続いて、Akamai API Securityの仕組みです。AkamaiのAPI Securityでは、さまざまなデバイスからデータを収集することができます。
ふだんと異なるアノマリーなトラフィックだったり、攻撃の可能性のあるアクセスを検知した際には、アラートを上げることもできますし、そのままWAFやAPI Gatewayと連動させて、アクセス制御を自動化することもできます。
また、Privacy By Designというものにも力を入れています。主要な、ここに書いているCDNやWAFから、このデータレイクにデータを収集するのですが、その際に、センシティブなデータをトークン化して蓄積させることで、そのデータが第三者に勝手に見られることはありません。

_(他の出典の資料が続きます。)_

(* Let $\rho = (\mathcal{V}, V, \mathbf{1}, \mathrm{var}, \mathrm{low}, \mathrm{high}, \mathrm{flip})$ be a COBDD with $\mathcal{V} = \mathcal{X} \,\dot\cup\, \mathcal{U}$, where $\mathcal X=\{x_1,\dots,x_n\}$ and $\mathcal U=\{u_1,\dots,u_r\}$, let $v \in V$ be a node, $b \in \mathbb{B}$ a boolean, and let $[\![ v, b]\!] = K(\mathbf{x}, \mathbf{u})$. Then the C function K output by Synthesize$(\rho, v, b)$ has worst case execution time $O(rn)$.
   Context: $\mathbb{B}=\{0,1\}$; $\exists y\, f := f|_{y=0}+f|_{y=1}$. A COBDD is a tuple $\rho = (\mathcal{V}, V, \mathbf{1}, \mathrm{var}, \mathrm{low}, \mathrm{high}, \mathrm{flip})$ with $\mathcal V$ a finite totally ordered set of boolean variables, $V$ a finite set of nodes, $\mathbf 1\in V$ the terminal node, $\mathrm{var}: V\setminus\{\mathbf 1\}\to\mathcal V$, $\mathrm{high},\mathrm{low}: V\setminus\{\mathbf 1\}\to V$, $\mathrm{flip}: V\setminus\{\mathbf 1\}\to\mathbb B$, with variables strictly increasing along edges $v\to\mathrm{high}(v)$, $v\to\mathrm{low}(v)$; COBDDs are assumed reduced. $\mathrm{height}(v)$ is the length of the longest path from $v$ to $\mathbf 1$. Semantics: $[\![ \mathbf 1, b]\!] := \bar b$ and, for internal $v$ with $\mathrm{var}(v)=y$, $[\![ v,b]\!] := y [\![ \mathrm{high}(v), b]\!] + \bar y [\![ \mathrm{low}(v), b\oplus \mathrm{flip}(v)]\!]$. Synthesize$(\rho,v,b)$: (1) for $i=1,\dots,r$ compute (via correct COBDD substitution/quantification operations) a node $v_i$ and bit $b_i$ with $[\![ v_i,b_i]\!] = \exists u_{i+1},\dots,u_r\, K(\mathbf x, [\![ v_1,b_1]\!],\dots,[\![ v_{i-1},b_{i-1}]\!], 1, u_{i+1},\dots,u_r)$; (2) emit C code "int K_bits(int *x, int action) { int ret_b; switch(action) { case $i-1$: ret_b = $\bar b_i$; goto L_$v_i$; ... }" followed by one labeled block per node $w$ reachable from some $v_i$ (each node translated once): "L_$\mathbf 1$: return ret_b;" for the terminal, and for internal $w$ with $\mathrm{var}(w)=x_j$, "L_$w$: if (x[$j-1$] == 1) goto L_$\mathrm{high}(w)$; else {ret_b = !ret_b; goto L_$\mathrm{low}(w)$;}" if $\mathrm{flip}(w)=1$, or "... else goto L_$\mathrm{low}(w)$;" if $\mathrm{flip}(w)=0$; then "}" and "void K(int *x,int *u){int i; for(i=0;i<$r$;i++) u[i]=K_bits(x,i);}". Execution time is counted in executed C statements. *)

theory Defs
  imports Main
begin

(* Boolean variables: x_j is  Xv j  (1 \<le> j \<le> n),  u_i is  Uv i  (1 \<le> i \<le> r). *)
datatype cvar = Xv nat | Uv nat

(* A COBDD rho = (V_set, V, 1, var, low, high, flip); the total order on the
   variable set is given by an injective rank function. Nodes are naturals. *)
record cobdd =
  c_vars :: "cvar set"
  c_rank :: "cvar \<Rightarrow> nat"
  c_nodes :: "nat set"
  c_one :: nat
  c_var :: "nat \<Rightarrow> cvar"
  c_low :: "nat \<Rightarrow> nat"
  c_high :: "nat \<Rightarrow> nat"
  c_flip :: "nat \<Rightarrow> bool"

definition is_cobdd :: "cobdd \<Rightarrow> bool" where
  "is_cobdd \<rho> \<longleftrightarrow>
     finite (c_vars \<rho>) \<and> inj_on (c_rank \<rho>) (c_vars \<rho>) \<and>
     finite (c_nodes \<rho>) \<and> c_one \<rho> \<in> c_nodes \<rho> \<and>
     (\<forall>w \<in> c_nodes \<rho> - {c_one \<rho>}.
        c_var \<rho> w \<in> c_vars \<rho> \<and>
        c_high \<rho> w \<in> c_nodes \<rho> \<and> c_low \<rho> w \<in> c_nodes \<rho> \<and>
        (c_high \<rho> w \<noteq> c_one \<rho> \<longrightarrow>
           c_rank \<rho> (c_var \<rho> w) < c_rank \<rho> (c_var \<rho> (c_high \<rho> w))) \<and>
        (c_low \<rho> w \<noteq> c_one \<rho> \<longrightarrow>
           c_rank \<rho> (c_var \<rho> w) < c_rank \<rho> (c_var \<rho> (c_low \<rho> w))))"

必要な時に、管理者がデコードしてチェックできるように、プライバシーに配慮した設計がなされています。
それでは最後に、既存のソリューションである「App & API Protector」と「API Security」の違いを紹介して終わりたいと思います。
このApp & API Protectorでは、WAFということで、リアルタイムにブロックすることに長けています。
一方で、APIに潜んでいる脆弱性は、API Securityのプロファイリングや振る舞い検知などであぶり出して、それをフィードバックします。こちらは、予防に主眼を置いているというので、それぞれのソリューションを適材適所で使い分けるのがいいのかなと思います。
以上で私の発表を終わります。ご清聴ありがとうございました。